A regional tourism center in the valley is about to close its doors. That may sound like a retreat, but the Shenandoah Valley Travel Association (SVTA) says it is the beginning of a new strategic campaign.
Many of the hotels, restaurants, stores and attractions in Staunton are among the 300 members of the SVTA. The group has been working to promote the Shenandoah Valley for more than 85 years, but has a new plan for the years to come.
Scattered across 200 miles of western Virginia are Civil War battlefields, living-history museums, natural wonders and unique shops and restaurants. They all have the SVTA in common and the group is preparing to launch a new campaign, to market the valley as a destination region.
"Our marketing programs are going to concentrate on the D.C. market: WashingtonPost.com, Sherman's Travel, a newspaper insert program," explained SVTA Board President Sheryl Wagner. "It's primarily online and some print advertising that we're going to do."
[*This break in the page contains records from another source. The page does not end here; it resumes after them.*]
lemma rank_rel_comb_ge_4:
  fixes c :: "'a::field^7"
  assumes "(2::'a) \<noteq> 0" and "c \<noteq> 0"
  shows "4 \<le> rank (rel_comb c)"
  using rel_comb_pfaffian4_nonzero[OF assms]
    rank_ge_4_if_pfaffian4_nonzero[OF rel_comb_alternating] by blast

lemma rank_rel_comb_isotropic:
  fixes x :: "'a::field"
  assumes x: "x * x = -1"
  defines "c \<equiv> \<chi> i. if i = 1 then 1 else if i = 2 then x else 0"
  shows "rank (rel_comb c) = 4"
proof -
  let ?M = "rel_comb c"
  have c: "c$1 = 1" "c$2 = x" "c$3 = 0" "c$4 = 0" "c$5 = 0" "c$6 = 0" "c$7 = 0"
    by (simp_all add: c_def)
  have "pfaffian4 ?M 2 3 4 5 = 1" by (simp add: pfaffian4_rel_comb c)
  then have lower: "4 \<le> rank ?M"
    by (intro rank_ge_4_if_pfaffian4_nonzero[OF rel_comb_alternating, of 2 3 4 5]) simp_all
  have rows: "row 1 ?M = (- x) *s row 2 ?M" "row 6 ?M = x *s row 5 ?M" "row 7 ?M = x *s row 4 ?M"
    by (simp_all add: vec_eq_iff all_7 row_def rel_comb_def sum_UNIV_7 eps_unfold c x)
  define S where "S = {row 2 ?M, row 3 ?M, row 4 ?M, row 5 ?M}"
  have "row i ?M \<in> vec.span S" for i
  proof -
    have base: "row 2 ?M \<in> vec.span S" "row 3 ?M \<in> vec.span S"
      "row 4 ?M \<in> vec.span S" "row 5 ?M \<in> vec.span S"
      by (simp_all add: S_def vec.span_base)
    show ?thesis
      using exhaust_7[of i] by (elim disjE) (simp_all add: rows base vec.span_scale vec.span_neg)
  qed
  then have "rank ?M \<le> card S"
    by (intro rank_le_card_if_rows_spanned) (auto simp: rows_def S_def)
  also have "card S \<le> 4"
    using card_length[of "[row 2 ?M, row 3 ?M, row 4 ?M, row 5 ?M]"] by (simp add: S_def)
  finally show ?thesis using lower by simp
qed
(* Let $N\in\mathbb{N}$ and let $\mathbf{X}=(X_1,\ldots,X_N)$ be a random vector with independent coordinates, with joint density $f_{\mathbf{X}}(\mathbf{x})=\prod_{i=1}^N f_i(x_i)$. Let $y$ be a real-valued function with $\mathbb{E}[y(\mathbf{X})^2]<\infty$, and let $y(\mathbf{X})=\sum_{u\subseteq\{1,\ldots,N\}} y_u(\mathbf{X}_u)$ be its ANOVA dimensional decomposition (defined in the context). Suppose there are real constants $c>0$ and $q>1$ such that $\sigma_u^2:=\mathbb{E}[y_u^2(\mathbf{X}_u)]\le c\,q^{-|u|}$ for every nonempty $u\subseteq\{1,\ldots,N\}$. For $0\le S\le N$ let $\tilde{y}_S(\mathbf{X}):=\sum_{u\subseteq\{1,\ldots,N\},\,0\le|u|\le S} y_u(\mathbf{X}_u)$. Then $$\tilde{e}_S:=\mathbb{E}\big[(y(\mathbf{X})-\tilde{y}_S(\mathbf{X}))^2\big]\le c\sum_{s=S+1}^{N}\binom{N}{s}q^{-s}.$$
   Context: For $u\subseteq\{1,\ldots,N\}$, $\mathbf{X}_u=(X_i)_{i\in u}$ (ordered by increasing index), $-u=\{1,\ldots,N\}\setminus u$, and $f_{\mathbf{X}_{-u}}(\mathbf{x}_{-u})=\prod_{i\notin u} f_i(x_i)$. The ANOVA dimensional decomposition components are defined recursively by $y_\emptyset=\int_{\mathbb{R}^N} y(\mathbf{x})f_{\mathbf{X}}(\mathbf{x})\,d\mathbf{x}$ and, for nonempty $u$, $y_u(\mathbf{X}_u)=\int_{\mathbb{R}^{N-|u|}} y(\mathbf{X}_u,\mathbf{x}_{-u})f_{\mathbf{X}_{-u}}(\mathbf{x}_{-u})\,d\mathbf{x}_{-u}-\sum_{v\subsetneq u} y_v(\mathbf{X}_v)$; then $y(\mathbf{X})=\sum_{u\subseteq\{1,\ldots,N\}}y_u(\mathbf{X}_u)$. *)

theory Defs
  imports "HOL-Probability.Probability"
begin

definition partial_int ::
  "nat \<Rightarrow> (nat \<Rightarrow> real measure) \<Rightarrow> ((nat \<Rightarrow> real) \<Rightarrow> real) \<Rightarrow> nat set \<Rightarrow> (nat \<Rightarrow> real) \<Rightarrow> real" where
  "partial_int N M y u x =
     integral\<^sup>L (PiM ({1..N} - u) M) (\<lambda>z. y (merge u ({1..N} - u) (x, z)))"

function anova ::
  "nat \<Rightarrow> (nat \<Rightarrow> real measure) \<Rightarrow> ((nat \<Rightarrow> real) \<Rightarrow> real) \<Rightarrow> nat set \<Rightarrow> (nat \<Rightarrow> real) \<Rightarrow> real" where
  "anova N M y u x =
     (if finite u then partial_int N M y u x - (\<Sum>v\<in>{v. v \<subset> u}. anova N M y v x) else 0)"
  by auto
termination
  by (relation "Wellfounded.measure (\<lambda>(N, M, y, u, x). card u)")
     (auto intro: psubset_card_mono)

end

theory Submission
  imports Defs
begin

text \<open>The ANOVA components are mutually orthogonal in \<open>L\<^sup>2\<close>: integrating \<open>y\<^sub>u\<close> over a
coordinate \<open>i \<in> u\<close> gives zero (by induction on \<open>u\<close>, using the tower property of partial
integrals), while \<open>y\<^sub>w\<close> with \<open>i \<notin> w\<close> does not depend on that coordinate. Hence the truncation
error is exactly the sum of \<open>\<sigma>\<^sub>u\<^sup>2\<close> over \<open>|u| > S\<close>, and grouping the subsets by cardinality
turns the assumed bounds \<open>\<sigma>\<^sub>u\<^sup>2 \<le> c q powr -|u|\<close> into the binomial sum.\<close>

definition square_integrable :: "'a measure \<Rightarrow> ('a \<Rightarrow> real) \<Rightarrow> bool" where
  "square_integrable Q f \<longleftrightarrow> f \<in> borel_measurable Q \<and> integrable Q (\<lambda>x. (f x)\<^sup>2)"

lemma integrable_mult_square_integrable:
  assumes "square_integrable Q f" "square_integrable Q g"
  shows "integrable Q (\<lambda>x. f x * g x)"
proof (rule Bochner_Integration.integrable_bound[of _ "\<lambda>x. (f x)\<^sup>2 + (g x)\<^sup>2"])
  have "\<bar>f x * g x\<bar> \<le> (f x)\<^sup>2 + (g x)\<^sup>2" for x
    unfolding abs_mult
    using sum_squares_bound[of "\<bar>f x\<bar>" "\<bar>g x\<bar>"] mult_nonneg_nonneg[OF abs_ge_zero abs_ge_zero, of "f x" "g x"]
    by (simp only: power2_abs)
  then show "AE x in Q. norm (f x * g x) \<le> norm ((f x)\<^sup>2 + (g x)\<^sup>2)"
    by simp
qed (use assms in \<open>auto simp: square_integrable_def\<close>)

lemma square_integrable_diff:
  assumes "square_integrable Q f" "square_integrable Q g"
  shows "square_integrable Q (\<lambda>x. f x - g x)"
proof -
  have "(\<lambda>x. (f x - g x)\<^sup>2) = (\<lambda>x. (f x)\<^sup>2 + (g x)\<^sup>2 - 2 * (f x * g x))"
    by (simp add: fun_eq_iff power2_eq_square algebra_simps)
  then show ?thesis
    using assms integrable_mult_square_integrable[OF assms] by (auto simp: square_integrable_def)
qed

lemma square_integrable_add:
  assumes "square_integrable Q f" "square_integrable Q g"
  shows "square_integrable Q (\<lambda>x. f x + g x)"
proof -
  have "(\<lambda>x. (f x + g x)\<^sup>2) = (\<lambda>x. (f x)\<^sup>2 + (g x)\<^sup>2 + 2 * (f x * g x))"
    by (simp add: fun_eq_iff power2_eq_square algebra_simps)
  then show ?thesis
    using assms integrable_mult_square_integrable[OF assms] by (auto simp: square_integrable_def)
qed

lemma square_integrable_sum:
  "finite V \<Longrightarrow> (\<And>v. v \<in> V \<Longrightarrow> square_integrable Q (f v)) \<Longrightarrow>
    square_integrable Q (\<lambda>x. \<Sum>v\<in>V. f v x)"
  by (induction V rule: finite_induct) (auto simp: square_integrable_def[of _ "\<lambda>_. 0"] square_integrable_add)
lemma trnorm_eq_sum_cmod_diag:
  fixes A :: "'n::finite cmat"
  obtains X where "onb X" "trnorm A = (\<Sum>x\<in>X. cmod (cinner x (A *v x)))"
proof -
  obtain U where U: "unitary U" and UA: "U ** mabs A = A"
    using polar_decomposition by blast
  obtain X where X: "onb X" and eig: "\<And>x. x \<in> X \<Longrightarrow> \<exists>c. cadj U *v x = c *s x \<and> cmod c = 1"
    using unitary_eigenbasis[OF unitary_cadj[OF U]] by blast
  have "cmod (cinner x (A *v x)) = Re (cinner x (mabs A *v x))" if "x \<in> X" for x
  proof -
    obtain c where c: "cadj U *v x = c *s x" "cmod c = 1"
      using eig[OF \<open>x \<in> X\<close>] by blast
    have "A *v x = U *v (mabs A *v x)"
      using UA by (simp add: matrix_vector_mul_assoc)
    then have "cinner x (A *v x) = cinner (cadj U *v x) (mabs A *v x)"
      by (simp only: cinner_adj)
    also have "\<dots> = cnj c * cinner x (mabs A *v x)"
      by (simp add: c cinner_scale_left)
    finally have "cinner x (A *v x) = cnj c * cinner x (mabs A *v x)" .
    then show ?thesis
      using c(2) psd_cmod_cinner[OF psd_mabs] by (simp add: norm_mult)
  qed
  then have "trnorm A = (\<Sum>x\<in>X. cmod (cinner x (A *v x)))"
    by (simp add: trnorm_def trace_onb[OF X] Re_sum)
  then show ?thesis
    using that X by blast
qed

theorem trnorm_attained:
  fixes A :: "'n::finite cmat"
  obtains C where "kraus CARD('n) C" "(\<Sum>i<CARD('n). opnorm (C i ** A ** cadj (C i))) = trnorm A"
proof -
  obtain X where X: "onb X" and tr: "trnorm A = (\<Sum>x\<in>X. cmod (cinner x (A *v x)))"
    using trnorm_eq_sum_cmod_diag by blast
  have card: "card X = CARD('n)"
    by (rule card_onb[OF X])
  then obtain e where "e \<in> X"
    by fastforce
  then have "norm e = 1"
    by (rule orthonormal_norm[OF onb_imp_orthonormal[OF X]])
  then obtain C where "kraus (card X) C"
    "(\<Sum>j<card X. opnorm (C j ** A ** cadj (C j))) = (\<Sum>x\<in>X. cmod (cinner x (A *v x)))"
    using kraus_of_onb[OF X] by blast
  then show ?thesis
    using that tr card by simp
qed

lemma opnorm_le_trnorm: "opnorm X \<le> trnorm X"
  using sum_opnorm_kraus_le_trnorm[of 1 "\<lambda>_. mat 1" X] by (simp add: kraus_def)

lemma trnorm_nonneg: "0 \<le> trnorm X"
  using opnorm_nonneg[of X] opnorm_le_trnorm[of X] by linarith

lemma trnorm_smat:
  fixes X :: "'n::finite cmat"
  shows "trnorm (smat c X) = cmod c * trnorm X"
proof (rule antisym)
  obtain C where C: "kraus CARD('n) C"
    "(\<Sum>i<CARD('n). opnorm (C i ** smat c X ** cadj (C i))) = trnorm (smat c X)"
    using trnorm_attained by blast
  then have "trnorm (smat c X) = cmod c * (\<Sum>i<CARD('n). opnorm (C i ** X ** cadj (C i)))"
    by (simp add: mult_smat_mult opnorm_smat sum_distrib_left)
  also have "\<dots> \<le> cmod c * trnorm X"
    by (intro mult_left_mono sum_opnorm_kraus_le_trnorm[OF C(1)]) simp
  finally show "trnorm (smat c X) \<le> cmod c * trnorm X" .
next
  obtain C where C: "kraus CARD('n) C" "(\<Sum>i<CARD('n). opnorm (C i ** X ** cadj (C i))) = trnorm X"
    using trnorm_attained by blast
  have "cmod c * trnorm X = (\<Sum>i<CARD('n). opnorm (C i ** smat c X ** cadj (C i)))"
    unfolding C(2)[symmetric] by (simp add: mult_smat_mult opnorm_smat sum_distrib_left)
  also have "\<dots> \<le> trnorm (smat c X)"
    by (rule sum_opnorm_kraus_le_trnorm[OF C(1)])
  finally show "cmod c * trnorm X \<le> trnorm (smat c X)" .
qed

lemma trnorm_eq_0_iff: "trnorm X = 0 \<longleftrightarrow> X = 0"
proof
  assume "trnorm X = 0"
  then have "opnorm X = 0"
    using opnorm_le_trnorm[of X] opnorm_nonneg[of X] by linarith
  then show "X = 0"
    by (simp add: opnorm_eq_0_iff)
next
  assume "X = 0"
  moreover have "smat 0 X = 0"
    by (simp add: smat_def vec_eq_iff)
  ultimately show "trnorm X = 0"
    using trnorm_smat[of 0 X] by simp
qed

lemma trnorm_triangle:
  fixes X Y :: "'n::finite cmat"
  shows "trnorm (X + Y) \<le> trnorm X + trnorm Y"
proof -
  obtain C where C: "kraus CARD('n) C"
    "(\<Sum>i<CARD('n). opnorm (C i ** (X + Y) ** cadj (C i))) = trnorm (X + Y)"
    using trnorm_attained by blast
  have "trnorm (X + Y)
      \<le> (\<Sum>i<CARD('n). opnorm (C i ** X ** cadj (C i)) + opnorm (C i ** Y ** cadj (C i)))"
    unfolding C(2)[symmetric]
    by (intro sum_mono) (simp add: matrix_add_ldistrib matrix_add_rdistrib opnorm_add)
  also have "\<dots> \<le> trnorm X + trnorm Y"
    unfolding sum.distrib by (intro add_mono sum_opnorm_kraus_le_trnorm[OF C(1)])
  finally show ?thesis .
qed

lemma sum_lessThan_mult_div_mod:
  fixes g :: "nat \<Rightarrow> nat \<Rightarrow> 'a::comm_monoid_add"
  shows "(\<Sum>l<k * m. g (l div m) (l mod m)) = (\<Sum>i<k. \<Sum>j<m. g i j)"
proof -
  have "(\<Sum>l<k * m. g (l div m) (l mod m))
      = (\<Sum>i<k. \<Sum>j<m. g ((j + i * m) div m) ((j + i * m) mod m))"
    by (rule sum_mult_product)
  also have "\<dots> = (\<Sum>i<k. \<Sum>j<m. g i j)"
    by (intro sum.cong refl) simp
  finally show ?thesis .
qed
lemma kraw_bound:
  "finite U \<Longrightarrow> card U = n \<Longrightarrow> a \<subseteq> U \<Longrightarrow> 2*r < n \<Longrightarrow>
   1 \<le> card a \<Longrightarrow> card a < n \<Longrightarrow>
   int n * \<bar>kraw U a r\<bar> \<le> (int n - 2*int r) * int (n choose r)"
proof (induction n arbitrary: U a r)
  case 0 thus ?case by simp
next
  case (Suc m)
  show ?case
  proof (cases r)
    case 0 thus ?thesis using Suc.prems by (simp add: kraw_0)
  next
    case (Suc r')
    note r = this
    have fU: "finite U" and cU: "card U = Suc m" and aU: "a \<subseteq> U" using Suc.prems by auto
    have fa: "finite a" using aU fU finite_subset by blast
    define w where "w = card a"
    have w1: "1 \<le> w" "w < Suc m" using Suc.prems w_def by auto
    let ?B = "int (Suc m choose Suc r')"
    show ?thesis
    proof (cases "2 * r + 2 \<le> Suc m")
      case True
      obtain p where p: "p \<in> U" and "1 \<le> card (a - {p})" "card (a - {p}) + 1 \<le> m"
        using exists_point_remove_card_bounds[OF fU aU cU, of 1] w1 w_def True r by auto
      hence ca': "1 \<le> card (a - {p})" "card (a - {p}) < m" by auto
      let ?U' = "U - {p}" and ?a' = "a - {p}"
      have fU': "finite ?U'" and cU': "card ?U' = m" and aU': "?a' \<subseteq> ?U'" using fU cU p aU by auto
      define X where "X = kraw ?U' ?a' (Suc r')"
      define Y where "Y = kraw ?U' ?a' r'"
      have rec: "kraw U a r = X + (if p \<in> a then -1 else 1) * Y"
        unfolding r X_def Y_def by (rule kraw_remove[OF fU p])
      have K: "\<bar>kraw U a r\<bar> \<le> \<bar>X\<bar> + \<bar>Y\<bar>" unfolding rec by (cases "p \<in> a") auto
      have hX: "int m * \<bar>X\<bar> \<le> (int m - 2*int r' - 2) * int (m choose Suc r')"
        using Suc.IH[of ?U' ?a' "Suc r'", OF fU' cU' aU' _ ca'] True r unfolding X_def by (simp add: algebra_simps)
      have hY: "int m * \<bar>Y\<bar> \<le> (int m - 2*int r') * int (m choose r')"
        using Suc.IH[of ?U' ?a' "r'", OF fU' cU' aU' _ ca'] True r unfolding Y_def by simp
      have "(int m + 1) * \<bar>kraw U a r\<bar> \<le> (int m + 1 - 2*(int r' + 1)) * ?B"
        by (rule pascal_bound_step[OF _ K hX hY int_binomial_Suc_diff int_binomial_Suc_Suc]) (use True r in simp)
      thus ?thesis using r by (simp del: binomial_Suc_Suc add: ac_simps)
    next
      case False
      hence n: "Suc m = 2 * r + 1" using Suc.prems by simp
      have "\<exists>p\<in>U. (p \<in> a \<longleftrightarrow> even w)"
      proof (cases "even w")
        case True
        have "a \<noteq> {}" using w1 w_def by auto
        thus ?thesis using True aU by blast
      next
        case False
        have "a \<subset> U" using aU w1 cU w_def by auto
        thus ?thesis using False by blast
      qed
      then obtain p where p: "p \<in> U" and pa: "p \<in> a \<longleftrightarrow> even w" by blast
      let ?U' = "U - {p}" and ?a' = "a - {p}"
      have fU': "finite ?U'" and cU': "card ?U' = m" and aU': "?a' \<subseteq> ?U'" using fU cU p aU by auto
      define Y where "Y = kraw ?U' ?a' r'"
      have KY: "\<bar>kraw U a r\<bar> = \<bar>Y\<bar>"
        unfolding r Y_def by (rule kraw_middle[OF fU _ aU p]) (use cU n r pa w_def in auto)
      have wa': "card ?a' = (if p \<in> a then w - 1 else w)" using fa w_def by simp
      have ca': "1 \<le> card ?a'" "card ?a' < m"
      proof -
        show "1 \<le> card ?a'"
        proof (cases "p \<in> a")
          case True thus ?thesis using wa' pa w1 by (cases "w = 1") auto
        next
          case False thus ?thesis using wa' w1 by simp
        qed
        show "card ?a' < m"
        proof (cases "p \<in> a")
          case True thus ?thesis using wa' w1 by simp
        next
          case False
          hence "odd w" using pa by simp
          hence "w \<noteq> m" using n by auto
          thus ?thesis using False wa' w1 by simp
        qed
      qed
      have hY: "int m * \<bar>Y\<bar> \<le> (int m - 2*int r') * int (m choose r')"
        using Suc.IH[of ?U' ?a' "r'", OF fU' cU' aU' _ ca'] n r unfolding Y_def by simp
      hence "int m * \<bar>Y\<bar> \<le> 2 * int (m choose r')" using n r by simp
      hence "2 * ((int r' + 1) * \<bar>Y\<bar>) \<le> 2 * int (m choose r')" using n r by (simp add: algebra_simps)
      hence h2: "(int r' + 1) * \<bar>Y\<bar> \<le> int (m choose r')" by linarith
      have "(int r' + 1) * ((int m + 1) * \<bar>Y\<bar>) = (int m + 1) * ((int r' + 1) * \<bar>Y\<bar>)"
        by (simp add: algebra_simps)
      also have "\<dots> \<le> (int m + 1) * int (m choose r')" by (rule mult_left_mono[OF h2]) simp
      also have "\<dots> = (int r' + 1) * ?B" by (rule int_binomial_Suc_Suc)
      finally have "(int m + 1) * \<bar>Y\<bar> \<le> ?B" by simp
      thus ?thesis using KY n r by simp
    qed
  qed
qed

lemma kraw_bound_strict:
  "finite U \<Longrightarrow> card U = n \<Longrightarrow> a \<subseteq> U \<Longrightarrow> 1 \<le> r \<Longrightarrow> 2*r + 2 \<le> n \<Longrightarrow>
   2 \<le> card a \<Longrightarrow> card a + 2 \<le> n \<Longrightarrow>
   int n * \<bar>kraw U a r\<bar> < (int n - 2*int r) * int (n choose r)"
proof (induction n arbitrary: U a r)
  case 0 thus ?case by simp
next
  case (Suc m)
  obtain r' where r: "r = Suc r'" using Suc.prems by (cases r) auto
  have fU: "finite U" and cU: "card U = Suc m" and aU: "a \<subseteq> U" using Suc.prems by auto
  have fa: "finite a" using aU fU finite_subset by blast
  define w where "w = card a"
  have w1: "2 \<le> w" "w + 2 \<le> Suc m" using Suc.prems w_def by auto
  show ?case
  proof (cases "r' = 0")
    case True
    hence "kraw U a r = int (Suc m) - 2 * int w" using kraw_1[OF fU aU] r cU w_def by simp
    moreover have "\<bar>int (Suc m) - 2 * int w\<bar> < int (Suc m) - 2" using w1 by linarith
    ultimately have "\<bar>kraw U a r\<bar> < int (Suc m) - 2" by simp
    hence "int (Suc m) * \<bar>kraw U a r\<bar> < int (Suc m) * (int (Suc m) - 2)"
      by (intro mult_strict_left_mono) auto
    thus ?thesis using True r by (simp add: ac_simps)
  next
    case False
    let ?B = "int (Suc m choose Suc r')"
    obtain p where p: "p \<in> U" and ca': "2 \<le> card (a - {p})" "card (a - {p}) + 2 \<le> m"
      using exists_point_remove_card_bounds[OF fU aU cU, of 2] w1 w_def Suc.prems r False by auto
    let ?U' = "U - {p}" and ?a' = "a - {p}"
    have fU': "finite ?U'" and cU': "card ?U' = m" and aU': "?a' \<subseteq> ?U'" using fU cU p aU by auto
    define X where "X = kraw ?U' ?a' (Suc r')"
    define Y where "Y = kraw ?U' ?a' r'"
    have rec: "kraw U a r = X + (if p \<in> a then -1 else 1) * Y"
      unfolding r X_def Y_def by (rule kraw_remove[OF fU p])
    have K: "\<bar>kraw U a r\<bar> \<le> \<bar>X\<bar> + \<bar>Y\<bar>" unfolding rec by (cases "p \<in> a") auto
    have hX: "int m * \<bar>X\<bar> \<le> (int m - 2*int r' - 2) * int (m choose Suc r')"
      using kraw_bound[of ?U' m ?a' "Suc r'", OF fU' cU' aU'] ca' Suc.prems r unfolding X_def by (simp add: algebra_simps)
    have hY: "int m * \<bar>Y\<bar> < (int m - 2*int r') * int (m choose r')"
      using Suc.IH[of ?U' ?a' "r'", OF fU' cU' aU' _ _ ca'] False Suc.prems r unfolding Y_def by simp
    have "(int m + 1) * \<bar>kraw U a r\<bar> < (int m + 1 - 2*(int r' + 1)) * ?B"
      by (rule pascal_bound_step_strict[OF _ K hX hY int_binomial_Suc_diff int_binomial_Suc_Suc]) (use Suc.prems r in simp)
    thus ?thesis using r by (simp del: binomial_Suc_Suc add: ac_simps)
  qed
qed

section \<open>Characters of the even-weight code\<close>

text \<open>A constant rather than the abbreviation \<open>sym_diff\<close> from \<open>Set\<close>, which the simplifier would unfold.\<close>

definition symd :: "nat set \<Rightarrow> nat set \<Rightarrow> nat set" where
  "symd x y = (x - y) \<union> (y - x)"

lemma symd_empty [simp]: "symd x {} = x" "symd {} x = x" unfolding symd_def by auto

lemma symd_symd: "symd (symd x d) d = x" unfolding symd_def by blast

lemma symd_cancel: "symd x (symd x s) = s" unfolding symd_def by blast

lemma symd_eq_empty_iff: "symd x y = {} \<longleftrightarrow> x = y" unfolding symd_def by blast

lemma symd_symd_eq_empty_iff: "symd (symd x y) t = {} \<longleftrightarrow> y = symd x t" unfolding symd_def by blast

lemma mem_symd: "i \<in> symd A B \<longleftrightarrow> \<not> (i \<in> A \<longleftrightarrow> i \<in> B)" unfolding symd_def by blast

lemma symd_subset: "x \<subseteq> U \<Longrightarrow> y \<subseteq> U \<Longrightarrow> symd x y \<subseteq> U" unfolding symd_def by blast

lemma symd_symd_singletons_eq_empty_iff:
  assumes "p \<noteq> q"
  shows "symd (symd {j} {l}) {p, q} = {} \<longleftrightarrow> (j = p \<and> l = q) \<or> (j = q \<and> l = p)"
  using assms unfolding symd_def by (auto simp: set_eq_iff)

lemma card_symd:
  assumes "finite x" "finite y"
  shows "card (symd x y) + 2 * card (x \<inter> y) = card x + card y"
proof -
  have d: "(x - y) \<inter> (y - x) = {}" by blast
  have "card (symd x y) = card (x - y) + card (y - x)"
    unfolding symd_def using assms d by (simp add: card_Un_disjoint)
  moreover have "card (x - y) = card x - card (x \<inter> y)" using assms by (simp add: card_Diff_subset_Int)
  moreover have "card (y - x) = card y - card (x \<inter> y)" using assms
    by (simp add: card_Diff_subset_Int Int_commute)
  moreover have "card (x \<inter> y) \<le> card x" "card (x \<inter> y) \<le> card y" using assms by (simp_all add: card_mono)
  ultimately show ?thesis by simp
qed

lemma card_symd_le: "finite x \<Longrightarrow> finite y \<Longrightarrow> card (symd x y) \<le> card x + card y"
  using card_symd by fastforce

lemma even_symd:
  assumes "finite x" "finite y"
  shows "even (card (symd x y)) \<longleftrightarrow> (even (card x) \<longleftrightarrow> even (card y))"
  using card_symd[OF assms] by (metis even_add even_mult_iff even_numeral)

lemma minus_one_power_card_symd:
  assumes "finite x" "finite y"
  shows "(-1::real)^card (symd x y) = (-1)^card x * (-1)^card y"
proof -
  have "(-1::real)^card (symd x y) = (-1)^(card (symd x y) + 2 * card (x \<inter> y))"
    by (simp add: power_add power_mult)
  also have "\<dots> = (-1)^(card x + card y)" using card_symd[OF assms] by simp
  finally show ?thesis by (simp add: power_add)
qed

lemma hdist_symd: "hdist x y = card (symd x y)" unfolding hdist_def symd_def by simp

definition chi :: "nat set \<Rightarrow> nat set \<Rightarrow> real" where
  "chi a x = (-1)^card (a \<inter> x)"


lemma chi_empty [simp]: "chi a {} = 1" "chi {} x = 1" unfolding chi_def by simp_all

lemma chi_single: "chi {i} D = (if i \<in> D then -1 else 1)" unfolding chi_def by auto

lemma chi_singleton_square: "chi {i} x * chi {i} x = 1"
  by (simp add: chi_single)

lemma chi_singleton_eq_iff: "chi {i} x = chi {i} y \<longleftrightarrow> (i \<in> x \<longleftrightarrow> i \<in> y)"
  by (simp add: chi_single)

lemma chi_comm: "chi a x = chi x a"
  unfolding chi_def by (simp add: Int_commute)

lemma chi_symd:
  assumes "finite a"
  shows "chi a (symd x y) = chi a x * chi a y"
proof -
  have "a \<inter> symd x y = symd (a \<inter> x) (a \<inter> y)" unfolding symd_def by blast
  thus ?thesis unfolding chi_def using assms minus_one_power_card_symd[of "a \<inter> x" "a \<inter> y"] by simp
qed

lemma chi_symd_left:
  assumes "finite x"
  shows "chi (symd a b) x = chi a x * chi b x"
  using chi_symd[OF assms] chi_comm by metis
A big chunk of the funding will come from money the association saves by closing its tourist information center in the northern valley. The visitor center in New Market opened in 1975, and in its peak saw up to 70,000 people a year. But more recently, that number is more like 20,000 a year.
"Now there are so many different visitor centers open within the valley, that it's not really necessary to have one," said Wagner. "Staunton has one, [as does] Lexington, Harrisonburg, Roanoke."
Wagner says the center drives visitors primarily to just two counties but costs $70,000 a year to operate. That is a third of SVTA's annual budget.
"We want to move forward and strategically plan for the future," Wagner said. "And market the valley, rather than offer services to visitors that are already here."
The last day for the visitor center in New Market will be August 1. It will serve as SVTA offices until the building and surrounding property sells. When it does, it could bring up to a $500,000 to the association; money that could also help marketing efforts.